My Lords, I move this Motion on behalf of the elected House. I am not here to debate leave, remain or Brexit. The Bill is about how Brexit is carried through so that the UK does not leave without a deal and that, once a deal is there to be voted on, we will leave, if the House of Commons agrees, via its meaningful vote.
Of course, this House does not have a meaningful vote. The Bill has come from the elected Commons but this is not a normal situation. The timetable has been forced on Parliament by the Prime Minister. Our role is not necessarily to rubber-stamp the elected Commons but, given the Prime Minister’s Prorogation timetable, the House has no real time to amend the Bill without jettisoning it as a whole—it is too risky. This is not the preferred way to scrutinise. It has been forced on the House. In this respect, I much regret that the Leader of the Lords saw fit to be part of the Privy Council’s forcing an early close-down of Parliament. Knowing the sensitivity of being the Leader of the House, she should, I believe, have declined that invitation. There are plenty of privy counsellors around to choose for the task.

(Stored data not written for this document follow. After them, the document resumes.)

lemma card_annihilator_le:
  assumes S: "Vec.is_subspace S" "S \<subseteq> Fvecs" "card S = card F ^ s"
  shows "card {e \<in> vecs n. S \<subseteq> relations e} \<le> CARD('a) ^ (n - s)"
proof -
  have "s \<le> n" by (rule dim_subspace_le[OF S(2,3)])
  then obtain G where G: "G \<in> Vec.indep_tuples Fvecs n" "\<forall>j<s. G j \<in> S"
    by (rule extend_subspace_basis[OF S _ order_refl])
  have "inj_on (coords G) {e \<in> vecs n. S \<subseteq> relations e}"
    using inj_on_coords[OF G(1)] by (rule inj_on_subset) auto
  moreover have "coords G e j = 0" if e: "e \<in> {e \<in> vecs n. S \<subseteq> relations e}" and j: "j \<notin> {s..<n}" for e j
  proof (cases "j < n")
    case True
    then have "G j \<in> relations e" using G(2) e j by auto
    then show ?thesis using True by (simp add: coords_def relations_def)
  qed (simp add: coords_def)
  ultimately have "card {e \<in> vecs n. S \<subseteq> relations e} \<le> CARD('a) ^ card {s..<n}"
    by (rule card_le_if_inj_vanishing_outside) auto
  then show ?thesis by simp
qed

text \<open>Extend a basis of \<open>D\<close> to \<open>k\<close> independent vectors \<open>H\<close>. The map sending \<open>x\<close> to
  \<open>(dot x (H j))\<close> for \<open>j < k\<close> vanishes on the first \<open>d\<close> places, and it is injective on \<open>X\<close>
  because a difference of rank \<open>> n - k\<close> has fewer than \<open>q\<^sup>k\<close> relations.\<close>
lemma card_vanishing_le:
  assumes D: "Vec.is_subspace D" "D \<subseteq> Fvecs" "card D = card F ^ d" and "d \<le> k" "k \<le> n"
    and sep: "rank_separated (n - k) X"
  shows "card {x \<in> X. D \<subseteq> relations x} \<le> CARD('a) ^ (k - d)"
proof -
  obtain H where H: "H \<in> Vec.indep_tuples Fvecs k" "\<forall>j<d. H j \<in> D"
    using extend_subspace_basis[OF D assms(4,5)] by blast
  define psi where "psi x = (\<lambda>j. if j < k then dot x (H j) else 0)" for x
  have "inj_on psi {x \<in> X. D \<subseteq> relations x}"
  proof (rule inj_onI)
    fix x x' assume x: "x \<in> {x \<in> X. D \<subseteq> relations x}" "x' \<in> {x \<in> X. D \<subseteq> relations x}"
      and eq: "psi x = psi x'"
    have "dot (x - x') (H j) = 0" if "j < k" for j
      using fun_cong[OF eq, of j] that by (simp add: psi_def dot_diff_left)
    then have "Vec.lspan H {..<k} \<subseteq> relations (x - x')"
      using H(1)
      by (intro Vec.lspan_subset subspace_relations) (auto simp: relations_def Vec.indep_tuples_def)
    then have "card F ^ k \<le> card F ^ (n - rk F n (x - x'))"
      using Vec.card_lspan_indep_tuple[OF H(1)] card_relations finite_relations by (metis card_mono)
    then have "\<not> n - k < rk F n (x - x')" using Vec.power_card_F_le_iff rk_le[of "x - x'"] by simp
    then show "x = x'" using sep x by (auto simp: rank_separated_def)
  qed
  moreover have "psi x j = 0" if x: "x \<in> {x \<in> X. D \<subseteq> relations x}" and j: "j \<notin> {d..<k}" for x j
  proof (cases "j < k")
    case True
    then have "H j \<in> relations x" using H(2) x j by auto
    then show ?thesis using True by (simp add: psi_def relations_def)
  qed (simp add: psi_def)
  ultimately have "card {x \<in> X. D \<subseteq> relations x} \<le> CARD('a) ^ card {d..<k}"
    by (rule card_le_if_inj_vanishing_outside) auto
  then show ?thesis by simp
qed

lemma plus_subset_Fvecs: "SA \<subseteq> Fvecs \<Longrightarrow> SB \<subseteq> Fvecs \<Longrightarrow> {a + b | a b. a \<in> SA \<and> b \<in> SB} \<subseteq> Fvecs"
  using subspace_Fvecs unfolding Vec.is_subspace_def by blast

lemma card_compatible_errors_le:
  assumes SA: "Vec.is_subspace SA" "SA \<subseteq> Fvecs" and SB: "Vec.is_subspace SB" "SB \<subseteq> Fvecs"
    and s: "card {a + b | a b. a \<in> SA \<and> b \<in> SB} = card F ^ s"
  shows "card {e \<in> vecs n. SA \<subseteq> relations (e - x) \<and> SB \<subseteq> relations e} \<le> CARD('a) ^ (n - s)"
proof (cases "{e \<in> vecs n. SA \<subseteq> relations (e - x) \<and> SB \<subseteq> relations e} = {}")
  case False
  then obtain e0 where e0: "e0 \<in> vecs n" "SA \<subseteq> relations (e0 - x)" "SB \<subseteq> relations e0" by blast
  define S where "S = {a + b | a b. a \<in> SA \<and> b \<in> SB}"
  have S: "Vec.is_subspace S" "S \<subseteq> Fvecs"
    unfolding S_def using Vec.subspace_plus[OF SA(1) SB(1)] plus_subset_Fvecs[OF SA(2) SB(2)] .
  have "(\<lambda>e. e - e0) ` {e \<in> vecs n. SA \<subseteq> relations (e - x) \<and> SB \<subseteq> relations e}
      \<subseteq> {e \<in> vecs n. S \<subseteq> relations e}" (is "_ ` ?E \<subseteq> ?A")
  proof clarify
    fix e assume e: "e \<in> vecs n" "SA \<subseteq> relations (e - x)" "SB \<subseteq> relations e"
    have "dot (e - e0) (a + b) = 0" if "a \<in> SA" "b \<in> SB" for a b
    proof -
      have "dot e a = dot x a" "dot e0 a = dot x a" "dot e b = 0" "dot e0 b = 0"
        using that e e0 by (auto simp: relations_def dot_diff_left)
      then show ?thesis by (simp add: dot_add dot_diff_left)
    qed
    then show "e - e0 \<in> vecs n \<and> S \<subseteq> relations (e - e0)"
      using vecs_diff[OF e(1) e0(1)] S(2) by (auto simp: subset_relations_iff S_def)
  qed
  moreover have "inj_on (\<lambda>e. e - e0) ?E" by (rule inj_onI) simp
  moreover have "finite ?A" by simp
  ultimately have "card ?E \<le> card ?A" by (intro card_inj_on_le)
  also have "\<dots> \<le> CARD('a) ^ (n - s)" using card_annihilator_le[OF S] s by (simp add: S_def)
  finally show ?thesis .
next
  case True
  then show ?thesis by (simp only: card.empty)
qed

lemma dim_plus_inter:
  assumes SA: "Vec.is_subspace SA" "SA \<subseteq> Fvecs" "card SA = card F ^ a"
    and SB: "Vec.is_subspace SB" "SB \<subseteq> Fvecs" "card SB = card F ^ b"
  obtains s d where "card {a + b | a b. a \<in> SA \<and> b \<in> SB} = card F ^ s" "card (SA \<inter> SB) = card F ^ d"
    "s + d = a + b"
proof -
  have fin: "finite SA" "finite SB" using SA(2) SB(2) finite_Fvecs by (auto intro: finite_subset)
  have "Vec.is_subspace (SA \<inter> SB)" using SA(1) SB(1) unfolding Vec.is_subspace_def by auto
  then obtain d where d: "card (SA \<inter> SB) = card F ^ d"
    using Vec.card_subspace_eq_power fin by blast
  have "Vec.is_subspace {a + b | a b. a \<in> SA \<and> b \<in> SB}" using Vec.subspace_plus SA(1) SB(1) .
  moreover have "finite {a + b | a b. a \<in> SA \<and> b \<in> SB}"
    using plus_subset_Fvecs[OF SA(2) SB(2)] finite_Fvecs by (rule finite_subset)
  ultimately obtain s where s: "card {a + b | a b. a \<in> SA \<and> b \<in> SB} = card F ^ s"
    using Vec.card_subspace_eq_power by blast
  have "card F ^ (s + d) = card F ^ (a + b)"
    using Vec.card_plus_mult_card_inter[OF SA(1) fin(1) SB(1) fin(2)] d s SA(3) SB(3)
    by (simp add: power_add)
  then show ?thesis using that d s Vec.power_card_F_inject by blast
qed

text \<open>A pair \<open>(x, e)\<close> counted here has \<open>SA \<inter> SB \<subseteq> relations x\<close>, which bounds the number
  of \<open>x\<close>; for fixed \<open>x\<close> the admissible \<open>e\<close> form a translate of a subset of the annihilator
  of \<open>SA + SB\<close>.\<close>
lemma card_compatible_pairs_le:
  assumes SA: "Vec.is_subspace SA" "SA \<subseteq> Fvecs" "card SA = card F ^ a"
    and SB: "Vec.is_subspace SB" "SB \<subseteq> Fvecs" "card SB = card F ^ b"
    and "k \<le> n" and X: "X \<subseteq> vecs n" "0 \<notin> X" and sep: "rank_separated (n - k) (insert 0 X)"
  shows "card {(x, e). x \<in> X \<and> e \<in> vecs n \<and> SA \<subseteq> relations (e - x) \<and> SB \<subseteq> relations e}
           \<le> CARD('a) ^ (k + n - a - b)"
proof -
  define P where "P = {(x, e). x \<in> X \<and> e \<in> vecs n \<and> SA \<subseteq> relations (e - x) \<and> SB \<subseteq> relations e}"
  define D where "D = SA \<inter> SB"
  obtain s d where s: "card {a + b | a b. a \<in> SA \<and> b \<in> SB} = card F ^ s"
    and d: "card D = card F ^ d" and sd: "s + d = a + b"
    unfolding D_def by (rule dim_plus_inter[OF SA SB])
  have D: "Vec.is_subspace D" "D \<subseteq> Fvecs" using SA SB unfolding D_def Vec.is_subspace_def by auto
  have "s \<le> n" using dim_subspace_le[OF plus_subset_Fvecs[OF SA(2) SB(2)] s] .
  have D_rel: "D \<subseteq> relations x" if "(x, e) \<in> P" for x e
    unfolding D_def by (rule inter_subset_relations) (use that in \<open>auto simp: P_def\<close>)
  show ?thesis
  proof (cases "d \<le> k")
    case False
    have "P = {}"
    proof (rule ccontr)
      assume "P \<noteq> {}"
      then obtain x e where xe: "(x, e) \<in> P" by auto
      then have "card D \<le> card (relations x)" using D_rel finite_relations by (intro card_mono) auto
      also have "\<dots> < card F ^ k" using xe X(2) sep
        by (intro card_relations_less_if_separated) (auto simp: P_def)
      finally show False using d False Vec.power_card_F_less_iff by simp
    qed
    then show ?thesis by (simp flip: P_def)
  next
    case True
    let ?Xd = "{x \<in> X. D \<subseteq> relations x}"
    let ?E = "\<lambda>x. {e \<in> vecs n. SA \<subseteq> relations (e - x) \<and> SB \<subseteq> relations e}"
    have finXd: "finite ?Xd" using X(1) finite_vecs by (auto intro: finite_subset)
    have "P \<subseteq> Sigma ?Xd ?E" using D_rel by (auto simp: P_def)
    then have "card P \<le> card (Sigma ?Xd ?E)" using finXd by (intro card_mono finite_SigmaI) auto
    also have "\<dots> = (\<Sum>x\<in>?Xd. card (?E x))" using finXd by (intro card_SigmaI) auto
    also have "\<dots> \<le> (\<Sum>x\<in>?Xd. CARD('a) ^ (n - s))"
      by (intro sum_mono card_compatible_errors_le[OF SA(1,2) SB(1,2) s])
    also have "\<dots> \<le> CARD('a) ^ (k - d) * CARD('a) ^ (n - s)"
      using card_vanishing_le[OF D d True \<open>k \<le> n\<close> rank_separated_subset[OF sep subset_insertI]]
      by (simp add: mult_right_mono)
    also have "\<dots> = CARD('a) ^ (k + n - a - b)"
      using sd True \<open>s \<le> n\<close> by (simp flip: power_add) (simp add: algebra_simps)
    finally show ?thesis unfolding P_def .
  qed
qed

It is not the case that it must be certain privy counsellors. In 2005, for the Prorogation Privy Council, there were three privy counsellors present at Windsor. None of them was from the House of Commons; two were Ministers from the Lords, of which I was one, and another was a member of neither the Government nor the House of Commons. There are plenty of privy counsellors. The Leader of the House did not have to accept that invitation; it has dragged this House into the issue of closing down Parliament early when it was not necessary. We need to consider what is sent to the Lords and the context in which it is sent. There is a clear breakdown of trust in the Commons, which is under extreme pressure. It has now decided, as it did earlier in the year, to try to take some responsibility for and control of the decision on a no-deal Brexit. To coin a phrase, the Commons has acted to stop a no-deal Brexit by any means necessary. We have gone past the stage where many of the public thought that no deal meant not leaving—the Operation Yellowhammer papers have made that clear to everyone concerned.
I always preface my presentations for the Peers in Schools programme by saying that we have two Houses of Parliament, but they are not equal. The role of the Lords is to scrutinise and sometimes to ask the Commons to think again, but knowing that the Commons always has the last word. But we are not in normal times. As I said earlier, the Prime Minister’s timetable means that we are in no real position, whatever the business arrangements for Monday, to ask the Commons to think again on this Bill. It almost amounts to a national emergency in legislative terms. We need to treat the Commons with respect as it tries to achieve the objective. It alone has the legal and political responsibility for the meaningful vote. It is as divided as the nation, but it has sent us a Bill.